WORK ORDER - Which lines of the entries contain the string "exceeds"? Please find them and copy them.

[Collected data]
Content starts

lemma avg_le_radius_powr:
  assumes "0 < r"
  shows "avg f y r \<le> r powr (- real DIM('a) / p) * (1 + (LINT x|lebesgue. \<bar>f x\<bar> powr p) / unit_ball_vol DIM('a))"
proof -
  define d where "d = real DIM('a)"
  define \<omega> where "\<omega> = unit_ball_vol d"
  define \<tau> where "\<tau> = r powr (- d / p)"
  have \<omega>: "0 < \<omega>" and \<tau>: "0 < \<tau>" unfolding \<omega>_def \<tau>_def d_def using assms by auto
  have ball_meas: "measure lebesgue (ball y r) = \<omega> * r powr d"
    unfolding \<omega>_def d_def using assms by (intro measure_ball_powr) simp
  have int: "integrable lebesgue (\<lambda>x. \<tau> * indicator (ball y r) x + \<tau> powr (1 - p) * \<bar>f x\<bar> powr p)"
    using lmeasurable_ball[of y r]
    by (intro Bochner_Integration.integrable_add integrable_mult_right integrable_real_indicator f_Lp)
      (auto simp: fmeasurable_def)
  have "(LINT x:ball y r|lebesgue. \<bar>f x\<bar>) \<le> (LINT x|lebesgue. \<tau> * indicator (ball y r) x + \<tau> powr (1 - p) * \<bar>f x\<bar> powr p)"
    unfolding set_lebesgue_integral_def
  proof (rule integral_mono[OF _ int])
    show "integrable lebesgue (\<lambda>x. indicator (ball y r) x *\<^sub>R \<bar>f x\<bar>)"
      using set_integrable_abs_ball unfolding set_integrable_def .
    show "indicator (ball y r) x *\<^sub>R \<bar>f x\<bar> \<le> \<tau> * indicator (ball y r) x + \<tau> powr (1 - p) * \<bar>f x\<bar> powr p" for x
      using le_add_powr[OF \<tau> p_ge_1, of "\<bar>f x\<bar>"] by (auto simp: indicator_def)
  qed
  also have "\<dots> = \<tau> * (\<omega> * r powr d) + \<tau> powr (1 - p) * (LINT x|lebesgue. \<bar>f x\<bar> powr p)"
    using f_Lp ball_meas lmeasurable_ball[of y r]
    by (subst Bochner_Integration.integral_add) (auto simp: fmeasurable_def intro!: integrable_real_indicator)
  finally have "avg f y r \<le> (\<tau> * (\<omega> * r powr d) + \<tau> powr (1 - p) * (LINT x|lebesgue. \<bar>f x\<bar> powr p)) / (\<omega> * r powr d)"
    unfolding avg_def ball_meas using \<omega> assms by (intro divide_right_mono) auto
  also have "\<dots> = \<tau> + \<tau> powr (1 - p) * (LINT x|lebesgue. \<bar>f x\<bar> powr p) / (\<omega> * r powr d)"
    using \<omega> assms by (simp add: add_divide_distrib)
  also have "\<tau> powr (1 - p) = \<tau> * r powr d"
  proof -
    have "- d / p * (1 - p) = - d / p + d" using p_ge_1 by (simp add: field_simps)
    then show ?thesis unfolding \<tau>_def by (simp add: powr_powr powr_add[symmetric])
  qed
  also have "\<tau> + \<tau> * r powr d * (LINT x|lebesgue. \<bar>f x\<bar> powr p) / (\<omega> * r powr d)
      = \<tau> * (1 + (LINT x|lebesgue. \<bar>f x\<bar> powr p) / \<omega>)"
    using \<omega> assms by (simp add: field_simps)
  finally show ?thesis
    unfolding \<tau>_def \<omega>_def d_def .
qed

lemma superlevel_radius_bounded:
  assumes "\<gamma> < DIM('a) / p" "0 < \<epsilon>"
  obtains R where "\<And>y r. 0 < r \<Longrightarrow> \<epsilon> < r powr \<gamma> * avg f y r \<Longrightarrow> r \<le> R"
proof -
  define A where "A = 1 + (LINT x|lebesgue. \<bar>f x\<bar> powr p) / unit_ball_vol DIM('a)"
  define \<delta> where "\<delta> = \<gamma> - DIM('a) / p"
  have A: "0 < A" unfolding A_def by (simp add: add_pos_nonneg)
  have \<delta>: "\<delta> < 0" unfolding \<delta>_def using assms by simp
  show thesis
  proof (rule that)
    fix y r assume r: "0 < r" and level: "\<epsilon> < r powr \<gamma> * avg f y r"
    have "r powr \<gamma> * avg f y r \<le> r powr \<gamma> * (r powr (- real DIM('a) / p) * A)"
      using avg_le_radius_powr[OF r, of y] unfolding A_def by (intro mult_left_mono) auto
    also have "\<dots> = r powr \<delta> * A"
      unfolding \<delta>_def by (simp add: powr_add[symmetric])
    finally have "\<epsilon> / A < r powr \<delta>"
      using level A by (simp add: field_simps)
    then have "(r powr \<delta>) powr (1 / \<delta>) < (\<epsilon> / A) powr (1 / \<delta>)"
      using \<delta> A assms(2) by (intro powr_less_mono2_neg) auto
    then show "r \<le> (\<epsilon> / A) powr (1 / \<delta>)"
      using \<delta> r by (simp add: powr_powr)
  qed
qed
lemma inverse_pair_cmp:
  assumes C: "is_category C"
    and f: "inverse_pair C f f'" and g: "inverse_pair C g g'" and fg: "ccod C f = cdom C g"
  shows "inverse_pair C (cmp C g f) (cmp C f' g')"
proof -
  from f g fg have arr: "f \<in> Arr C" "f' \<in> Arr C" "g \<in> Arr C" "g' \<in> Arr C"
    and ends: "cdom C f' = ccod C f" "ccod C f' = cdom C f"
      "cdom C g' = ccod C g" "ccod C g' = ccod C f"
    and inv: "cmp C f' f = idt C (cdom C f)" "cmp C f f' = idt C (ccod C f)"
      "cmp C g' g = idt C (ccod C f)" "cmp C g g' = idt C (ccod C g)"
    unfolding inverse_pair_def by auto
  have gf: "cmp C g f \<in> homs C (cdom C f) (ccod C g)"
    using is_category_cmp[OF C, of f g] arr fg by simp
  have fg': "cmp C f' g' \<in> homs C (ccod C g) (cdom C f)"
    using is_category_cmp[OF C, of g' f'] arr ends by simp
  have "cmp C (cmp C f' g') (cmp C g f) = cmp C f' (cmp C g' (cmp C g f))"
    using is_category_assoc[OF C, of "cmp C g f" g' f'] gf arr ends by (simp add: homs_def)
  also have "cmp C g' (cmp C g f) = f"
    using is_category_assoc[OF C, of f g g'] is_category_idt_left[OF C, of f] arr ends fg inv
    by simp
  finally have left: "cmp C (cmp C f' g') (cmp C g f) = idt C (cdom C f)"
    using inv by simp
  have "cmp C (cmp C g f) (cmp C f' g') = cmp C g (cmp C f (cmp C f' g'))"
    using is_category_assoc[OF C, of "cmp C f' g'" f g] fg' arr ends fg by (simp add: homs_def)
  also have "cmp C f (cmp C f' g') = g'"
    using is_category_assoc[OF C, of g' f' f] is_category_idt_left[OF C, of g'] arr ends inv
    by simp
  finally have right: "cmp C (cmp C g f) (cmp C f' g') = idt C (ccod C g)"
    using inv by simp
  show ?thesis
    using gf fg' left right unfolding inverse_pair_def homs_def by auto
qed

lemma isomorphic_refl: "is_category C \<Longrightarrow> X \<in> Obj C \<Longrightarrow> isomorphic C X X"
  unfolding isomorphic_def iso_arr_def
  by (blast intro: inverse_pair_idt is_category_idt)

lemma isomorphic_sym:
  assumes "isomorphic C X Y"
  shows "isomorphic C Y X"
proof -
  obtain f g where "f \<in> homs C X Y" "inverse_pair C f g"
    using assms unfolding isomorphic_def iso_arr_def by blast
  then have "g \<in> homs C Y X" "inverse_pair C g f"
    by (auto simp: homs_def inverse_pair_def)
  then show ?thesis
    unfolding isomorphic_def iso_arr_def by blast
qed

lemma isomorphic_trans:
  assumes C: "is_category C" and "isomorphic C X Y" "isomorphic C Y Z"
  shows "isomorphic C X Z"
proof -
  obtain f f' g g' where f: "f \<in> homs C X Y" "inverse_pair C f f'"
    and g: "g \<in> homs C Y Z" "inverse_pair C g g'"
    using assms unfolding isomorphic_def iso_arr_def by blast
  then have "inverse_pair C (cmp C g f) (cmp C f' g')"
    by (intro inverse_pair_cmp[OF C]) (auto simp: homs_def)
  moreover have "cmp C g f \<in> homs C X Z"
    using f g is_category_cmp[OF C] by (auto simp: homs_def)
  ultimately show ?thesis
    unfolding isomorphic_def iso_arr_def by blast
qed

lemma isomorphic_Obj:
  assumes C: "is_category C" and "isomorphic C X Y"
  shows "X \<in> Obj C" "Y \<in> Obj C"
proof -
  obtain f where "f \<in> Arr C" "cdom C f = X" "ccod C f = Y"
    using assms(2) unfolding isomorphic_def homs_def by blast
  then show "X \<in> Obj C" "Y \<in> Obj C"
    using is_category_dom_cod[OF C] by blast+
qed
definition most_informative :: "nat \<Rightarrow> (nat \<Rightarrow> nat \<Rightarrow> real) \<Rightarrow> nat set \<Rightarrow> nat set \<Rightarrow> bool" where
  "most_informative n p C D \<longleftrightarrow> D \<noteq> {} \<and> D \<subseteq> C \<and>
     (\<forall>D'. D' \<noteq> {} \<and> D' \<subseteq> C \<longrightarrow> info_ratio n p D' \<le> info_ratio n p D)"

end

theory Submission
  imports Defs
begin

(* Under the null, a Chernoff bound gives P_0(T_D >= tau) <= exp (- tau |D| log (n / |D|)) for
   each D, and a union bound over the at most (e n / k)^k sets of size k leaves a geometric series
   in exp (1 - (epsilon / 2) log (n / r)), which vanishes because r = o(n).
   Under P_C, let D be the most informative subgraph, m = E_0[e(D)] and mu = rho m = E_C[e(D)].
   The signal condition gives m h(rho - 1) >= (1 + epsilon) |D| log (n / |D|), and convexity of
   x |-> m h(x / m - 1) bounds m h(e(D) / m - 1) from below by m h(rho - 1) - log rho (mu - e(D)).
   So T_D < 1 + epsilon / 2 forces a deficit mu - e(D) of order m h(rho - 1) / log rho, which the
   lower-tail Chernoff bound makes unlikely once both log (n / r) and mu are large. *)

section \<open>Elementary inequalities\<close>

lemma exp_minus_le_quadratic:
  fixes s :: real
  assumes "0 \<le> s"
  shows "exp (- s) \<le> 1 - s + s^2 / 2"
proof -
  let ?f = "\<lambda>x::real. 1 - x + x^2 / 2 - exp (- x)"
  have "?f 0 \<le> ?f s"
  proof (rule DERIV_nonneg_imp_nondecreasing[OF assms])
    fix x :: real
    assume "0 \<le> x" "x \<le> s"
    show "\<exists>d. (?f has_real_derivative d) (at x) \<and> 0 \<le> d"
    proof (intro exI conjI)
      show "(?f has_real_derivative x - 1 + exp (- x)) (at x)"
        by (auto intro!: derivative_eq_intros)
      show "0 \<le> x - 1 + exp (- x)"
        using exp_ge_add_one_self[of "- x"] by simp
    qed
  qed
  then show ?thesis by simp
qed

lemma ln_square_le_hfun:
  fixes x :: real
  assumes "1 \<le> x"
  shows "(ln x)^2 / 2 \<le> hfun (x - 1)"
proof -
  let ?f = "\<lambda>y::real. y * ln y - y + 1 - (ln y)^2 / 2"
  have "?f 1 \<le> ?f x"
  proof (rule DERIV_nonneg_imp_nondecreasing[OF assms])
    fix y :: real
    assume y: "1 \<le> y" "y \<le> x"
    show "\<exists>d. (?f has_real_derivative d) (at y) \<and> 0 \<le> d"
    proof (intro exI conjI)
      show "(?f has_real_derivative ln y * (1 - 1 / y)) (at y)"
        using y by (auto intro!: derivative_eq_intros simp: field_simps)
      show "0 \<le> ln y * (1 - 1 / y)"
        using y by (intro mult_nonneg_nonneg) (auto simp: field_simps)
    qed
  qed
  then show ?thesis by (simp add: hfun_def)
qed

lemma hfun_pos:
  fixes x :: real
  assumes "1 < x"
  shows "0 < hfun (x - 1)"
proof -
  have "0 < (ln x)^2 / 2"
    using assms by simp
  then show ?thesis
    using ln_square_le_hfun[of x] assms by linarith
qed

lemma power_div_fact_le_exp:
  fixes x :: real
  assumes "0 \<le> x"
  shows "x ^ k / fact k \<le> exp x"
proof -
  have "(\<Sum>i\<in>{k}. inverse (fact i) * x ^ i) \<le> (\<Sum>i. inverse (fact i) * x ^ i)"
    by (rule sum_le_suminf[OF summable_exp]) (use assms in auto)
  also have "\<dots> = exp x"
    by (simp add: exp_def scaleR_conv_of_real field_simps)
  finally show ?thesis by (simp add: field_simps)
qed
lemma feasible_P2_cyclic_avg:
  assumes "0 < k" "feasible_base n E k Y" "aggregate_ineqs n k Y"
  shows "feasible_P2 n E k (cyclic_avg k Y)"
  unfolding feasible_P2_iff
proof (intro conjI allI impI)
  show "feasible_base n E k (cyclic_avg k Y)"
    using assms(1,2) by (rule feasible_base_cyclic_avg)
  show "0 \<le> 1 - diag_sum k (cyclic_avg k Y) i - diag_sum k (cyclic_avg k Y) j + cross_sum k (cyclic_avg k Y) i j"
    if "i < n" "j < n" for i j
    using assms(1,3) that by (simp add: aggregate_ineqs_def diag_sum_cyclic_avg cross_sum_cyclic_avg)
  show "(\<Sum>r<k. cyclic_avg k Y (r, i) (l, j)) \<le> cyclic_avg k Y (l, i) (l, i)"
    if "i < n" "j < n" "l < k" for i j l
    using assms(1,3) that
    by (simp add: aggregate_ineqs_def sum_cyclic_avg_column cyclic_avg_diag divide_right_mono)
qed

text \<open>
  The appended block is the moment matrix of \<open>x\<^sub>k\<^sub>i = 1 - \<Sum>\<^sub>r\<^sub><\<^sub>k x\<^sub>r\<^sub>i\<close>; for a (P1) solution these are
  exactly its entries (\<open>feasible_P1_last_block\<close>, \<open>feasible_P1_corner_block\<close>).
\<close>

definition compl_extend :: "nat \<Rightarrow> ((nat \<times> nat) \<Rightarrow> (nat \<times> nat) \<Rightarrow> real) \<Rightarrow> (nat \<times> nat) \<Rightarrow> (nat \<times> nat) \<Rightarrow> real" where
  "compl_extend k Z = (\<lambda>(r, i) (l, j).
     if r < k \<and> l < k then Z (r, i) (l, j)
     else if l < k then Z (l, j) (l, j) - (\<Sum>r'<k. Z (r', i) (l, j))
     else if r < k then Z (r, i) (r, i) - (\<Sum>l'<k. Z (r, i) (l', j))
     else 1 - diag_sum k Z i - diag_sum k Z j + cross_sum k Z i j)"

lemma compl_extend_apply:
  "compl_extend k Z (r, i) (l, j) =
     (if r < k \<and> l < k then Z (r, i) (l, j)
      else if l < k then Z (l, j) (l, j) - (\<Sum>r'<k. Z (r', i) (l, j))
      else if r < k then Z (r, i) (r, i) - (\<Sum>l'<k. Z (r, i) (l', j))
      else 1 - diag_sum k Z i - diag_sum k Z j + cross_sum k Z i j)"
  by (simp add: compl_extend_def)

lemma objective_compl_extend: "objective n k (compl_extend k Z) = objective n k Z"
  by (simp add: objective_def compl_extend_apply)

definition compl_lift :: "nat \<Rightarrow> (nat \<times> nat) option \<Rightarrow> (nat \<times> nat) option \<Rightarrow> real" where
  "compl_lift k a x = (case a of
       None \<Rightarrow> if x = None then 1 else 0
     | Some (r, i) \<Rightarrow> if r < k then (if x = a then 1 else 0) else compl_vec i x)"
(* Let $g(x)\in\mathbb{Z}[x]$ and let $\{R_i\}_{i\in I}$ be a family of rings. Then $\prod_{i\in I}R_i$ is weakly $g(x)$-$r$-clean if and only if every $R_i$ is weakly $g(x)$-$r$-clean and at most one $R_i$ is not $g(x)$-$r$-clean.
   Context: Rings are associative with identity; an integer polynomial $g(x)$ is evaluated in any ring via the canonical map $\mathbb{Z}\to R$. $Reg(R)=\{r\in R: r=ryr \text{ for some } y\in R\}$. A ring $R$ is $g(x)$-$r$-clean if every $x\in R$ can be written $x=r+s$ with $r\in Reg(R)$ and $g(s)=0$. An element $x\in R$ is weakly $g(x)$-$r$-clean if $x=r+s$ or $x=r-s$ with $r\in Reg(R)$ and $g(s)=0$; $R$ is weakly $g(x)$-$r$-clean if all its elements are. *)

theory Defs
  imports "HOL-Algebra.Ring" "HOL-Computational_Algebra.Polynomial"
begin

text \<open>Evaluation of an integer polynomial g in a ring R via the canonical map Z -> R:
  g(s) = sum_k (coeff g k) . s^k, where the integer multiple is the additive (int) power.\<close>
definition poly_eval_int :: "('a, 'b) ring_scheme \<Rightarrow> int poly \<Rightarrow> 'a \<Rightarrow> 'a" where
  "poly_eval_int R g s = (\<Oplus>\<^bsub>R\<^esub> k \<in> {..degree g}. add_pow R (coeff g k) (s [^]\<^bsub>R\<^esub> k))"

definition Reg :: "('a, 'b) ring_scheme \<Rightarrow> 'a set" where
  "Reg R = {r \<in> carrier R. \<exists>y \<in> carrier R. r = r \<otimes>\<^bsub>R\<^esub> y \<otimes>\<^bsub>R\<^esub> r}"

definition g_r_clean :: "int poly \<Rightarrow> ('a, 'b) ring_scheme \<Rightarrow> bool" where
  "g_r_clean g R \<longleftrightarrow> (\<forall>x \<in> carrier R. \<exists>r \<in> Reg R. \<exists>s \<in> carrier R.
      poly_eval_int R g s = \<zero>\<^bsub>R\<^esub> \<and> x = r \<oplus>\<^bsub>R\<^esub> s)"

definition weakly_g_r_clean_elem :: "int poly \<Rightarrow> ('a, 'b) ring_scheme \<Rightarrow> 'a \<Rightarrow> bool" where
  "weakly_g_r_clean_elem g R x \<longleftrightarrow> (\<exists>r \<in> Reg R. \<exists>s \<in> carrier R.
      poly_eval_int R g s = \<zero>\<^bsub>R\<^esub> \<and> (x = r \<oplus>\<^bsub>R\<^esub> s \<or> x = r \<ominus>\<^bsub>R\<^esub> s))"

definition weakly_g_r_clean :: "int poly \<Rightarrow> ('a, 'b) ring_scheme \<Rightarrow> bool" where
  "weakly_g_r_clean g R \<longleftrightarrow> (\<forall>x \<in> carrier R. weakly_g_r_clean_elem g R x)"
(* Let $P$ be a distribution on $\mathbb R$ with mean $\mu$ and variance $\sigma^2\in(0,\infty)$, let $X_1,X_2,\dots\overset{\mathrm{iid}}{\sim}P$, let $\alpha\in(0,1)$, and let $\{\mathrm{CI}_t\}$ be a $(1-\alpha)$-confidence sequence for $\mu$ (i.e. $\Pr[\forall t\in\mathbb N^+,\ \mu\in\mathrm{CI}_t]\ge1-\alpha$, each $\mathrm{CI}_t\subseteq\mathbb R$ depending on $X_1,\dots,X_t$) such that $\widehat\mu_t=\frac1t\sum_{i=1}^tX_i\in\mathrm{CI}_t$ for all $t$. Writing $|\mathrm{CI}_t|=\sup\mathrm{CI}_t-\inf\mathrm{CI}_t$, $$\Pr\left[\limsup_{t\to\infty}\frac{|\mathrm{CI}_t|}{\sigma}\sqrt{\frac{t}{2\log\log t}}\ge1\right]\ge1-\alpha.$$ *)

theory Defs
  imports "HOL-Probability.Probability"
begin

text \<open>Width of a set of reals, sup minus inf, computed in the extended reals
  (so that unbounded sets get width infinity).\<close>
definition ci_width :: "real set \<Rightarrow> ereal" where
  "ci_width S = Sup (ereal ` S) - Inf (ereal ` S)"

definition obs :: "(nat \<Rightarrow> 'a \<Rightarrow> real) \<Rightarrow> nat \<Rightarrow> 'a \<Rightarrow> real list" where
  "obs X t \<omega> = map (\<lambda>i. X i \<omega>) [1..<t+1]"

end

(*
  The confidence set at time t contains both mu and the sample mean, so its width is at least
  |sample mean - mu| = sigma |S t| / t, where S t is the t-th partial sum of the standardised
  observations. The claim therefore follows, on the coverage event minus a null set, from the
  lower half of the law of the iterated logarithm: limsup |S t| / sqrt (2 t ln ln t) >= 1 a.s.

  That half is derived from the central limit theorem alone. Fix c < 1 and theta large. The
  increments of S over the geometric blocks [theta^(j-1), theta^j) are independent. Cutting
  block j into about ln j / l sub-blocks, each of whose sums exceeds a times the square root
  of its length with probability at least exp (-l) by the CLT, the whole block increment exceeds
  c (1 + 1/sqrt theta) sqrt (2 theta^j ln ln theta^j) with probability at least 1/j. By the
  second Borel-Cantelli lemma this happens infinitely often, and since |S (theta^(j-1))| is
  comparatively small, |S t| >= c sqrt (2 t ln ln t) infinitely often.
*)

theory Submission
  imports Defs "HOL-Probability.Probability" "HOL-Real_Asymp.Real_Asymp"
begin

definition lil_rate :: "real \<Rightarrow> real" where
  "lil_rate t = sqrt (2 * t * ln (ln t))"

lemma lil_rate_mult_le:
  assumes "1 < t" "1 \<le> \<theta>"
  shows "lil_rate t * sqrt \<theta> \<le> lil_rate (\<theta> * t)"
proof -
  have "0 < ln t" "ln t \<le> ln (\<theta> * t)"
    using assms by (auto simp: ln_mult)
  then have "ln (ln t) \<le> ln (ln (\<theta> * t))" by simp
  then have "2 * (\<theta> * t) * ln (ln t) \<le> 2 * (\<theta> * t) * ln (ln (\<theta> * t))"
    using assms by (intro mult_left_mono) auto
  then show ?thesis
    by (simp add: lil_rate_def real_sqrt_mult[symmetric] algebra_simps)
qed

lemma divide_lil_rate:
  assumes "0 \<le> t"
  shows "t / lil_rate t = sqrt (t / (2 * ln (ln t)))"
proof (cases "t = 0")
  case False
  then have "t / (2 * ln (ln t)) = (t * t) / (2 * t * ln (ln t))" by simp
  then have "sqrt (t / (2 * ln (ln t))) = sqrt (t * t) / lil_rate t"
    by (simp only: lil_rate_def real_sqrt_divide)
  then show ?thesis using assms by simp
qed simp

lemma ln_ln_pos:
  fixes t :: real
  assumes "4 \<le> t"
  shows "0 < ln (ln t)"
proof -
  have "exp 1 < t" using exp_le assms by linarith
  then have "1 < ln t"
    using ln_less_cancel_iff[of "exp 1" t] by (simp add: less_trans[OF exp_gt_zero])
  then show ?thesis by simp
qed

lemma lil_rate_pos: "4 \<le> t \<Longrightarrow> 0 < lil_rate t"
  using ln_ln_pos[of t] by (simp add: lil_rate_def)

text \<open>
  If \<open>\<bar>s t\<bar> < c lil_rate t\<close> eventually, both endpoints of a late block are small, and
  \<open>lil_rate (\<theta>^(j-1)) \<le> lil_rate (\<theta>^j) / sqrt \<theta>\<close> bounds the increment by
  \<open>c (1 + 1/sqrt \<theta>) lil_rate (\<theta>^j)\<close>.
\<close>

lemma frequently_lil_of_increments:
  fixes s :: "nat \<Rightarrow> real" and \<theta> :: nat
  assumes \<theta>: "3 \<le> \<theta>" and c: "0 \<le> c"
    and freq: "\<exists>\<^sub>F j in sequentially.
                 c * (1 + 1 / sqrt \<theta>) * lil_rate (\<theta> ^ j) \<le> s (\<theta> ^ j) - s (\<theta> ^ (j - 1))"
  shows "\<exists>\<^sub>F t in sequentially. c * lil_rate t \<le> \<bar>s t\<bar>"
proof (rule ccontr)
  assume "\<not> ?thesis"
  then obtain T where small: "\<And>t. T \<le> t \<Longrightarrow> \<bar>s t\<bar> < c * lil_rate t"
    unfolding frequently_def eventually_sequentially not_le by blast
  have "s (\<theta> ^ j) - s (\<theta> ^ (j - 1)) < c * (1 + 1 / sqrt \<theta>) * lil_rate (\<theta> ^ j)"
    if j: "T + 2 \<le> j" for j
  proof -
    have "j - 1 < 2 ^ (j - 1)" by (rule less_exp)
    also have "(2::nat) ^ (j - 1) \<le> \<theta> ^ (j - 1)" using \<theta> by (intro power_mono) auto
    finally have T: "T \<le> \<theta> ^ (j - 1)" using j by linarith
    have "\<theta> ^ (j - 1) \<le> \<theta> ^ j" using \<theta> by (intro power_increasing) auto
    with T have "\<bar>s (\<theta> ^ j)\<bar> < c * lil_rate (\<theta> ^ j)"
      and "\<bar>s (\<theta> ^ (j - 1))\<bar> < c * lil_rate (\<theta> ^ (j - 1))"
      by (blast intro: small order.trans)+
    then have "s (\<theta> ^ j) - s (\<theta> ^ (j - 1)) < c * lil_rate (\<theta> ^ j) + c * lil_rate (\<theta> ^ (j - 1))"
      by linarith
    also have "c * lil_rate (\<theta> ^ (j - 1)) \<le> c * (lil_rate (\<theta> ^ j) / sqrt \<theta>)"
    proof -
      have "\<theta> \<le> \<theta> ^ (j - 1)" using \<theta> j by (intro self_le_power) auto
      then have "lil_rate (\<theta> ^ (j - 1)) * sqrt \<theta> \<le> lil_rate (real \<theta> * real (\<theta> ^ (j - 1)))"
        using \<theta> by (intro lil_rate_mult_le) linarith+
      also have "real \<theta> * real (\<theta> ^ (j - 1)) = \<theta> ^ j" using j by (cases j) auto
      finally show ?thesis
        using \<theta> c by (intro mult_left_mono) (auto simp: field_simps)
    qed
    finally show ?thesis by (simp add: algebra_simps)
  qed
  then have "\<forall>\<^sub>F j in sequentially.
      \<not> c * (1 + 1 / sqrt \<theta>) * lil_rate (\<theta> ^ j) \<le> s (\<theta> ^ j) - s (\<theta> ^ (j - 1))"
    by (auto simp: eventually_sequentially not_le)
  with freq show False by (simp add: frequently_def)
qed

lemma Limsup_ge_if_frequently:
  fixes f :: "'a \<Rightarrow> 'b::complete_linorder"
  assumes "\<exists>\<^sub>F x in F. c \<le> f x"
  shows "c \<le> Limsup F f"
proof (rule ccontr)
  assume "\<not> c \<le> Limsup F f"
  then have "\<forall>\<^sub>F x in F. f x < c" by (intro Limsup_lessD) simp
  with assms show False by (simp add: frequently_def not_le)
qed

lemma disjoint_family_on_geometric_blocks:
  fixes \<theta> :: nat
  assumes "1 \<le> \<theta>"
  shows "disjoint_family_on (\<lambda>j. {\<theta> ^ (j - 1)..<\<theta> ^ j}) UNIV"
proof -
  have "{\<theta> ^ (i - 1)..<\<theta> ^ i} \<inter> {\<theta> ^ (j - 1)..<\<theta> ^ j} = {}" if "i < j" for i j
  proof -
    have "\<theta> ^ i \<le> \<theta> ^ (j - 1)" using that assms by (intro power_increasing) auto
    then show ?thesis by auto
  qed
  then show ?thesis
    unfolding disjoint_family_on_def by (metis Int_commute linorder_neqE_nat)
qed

Content ends

SOLUTION FOR THIS TASK -
  block j into about ln j / l sub-blocks, each of whose sums exceeds a times the square root
  of its length with probability at least exp (-l) by the CLT, the whole block increment exceeds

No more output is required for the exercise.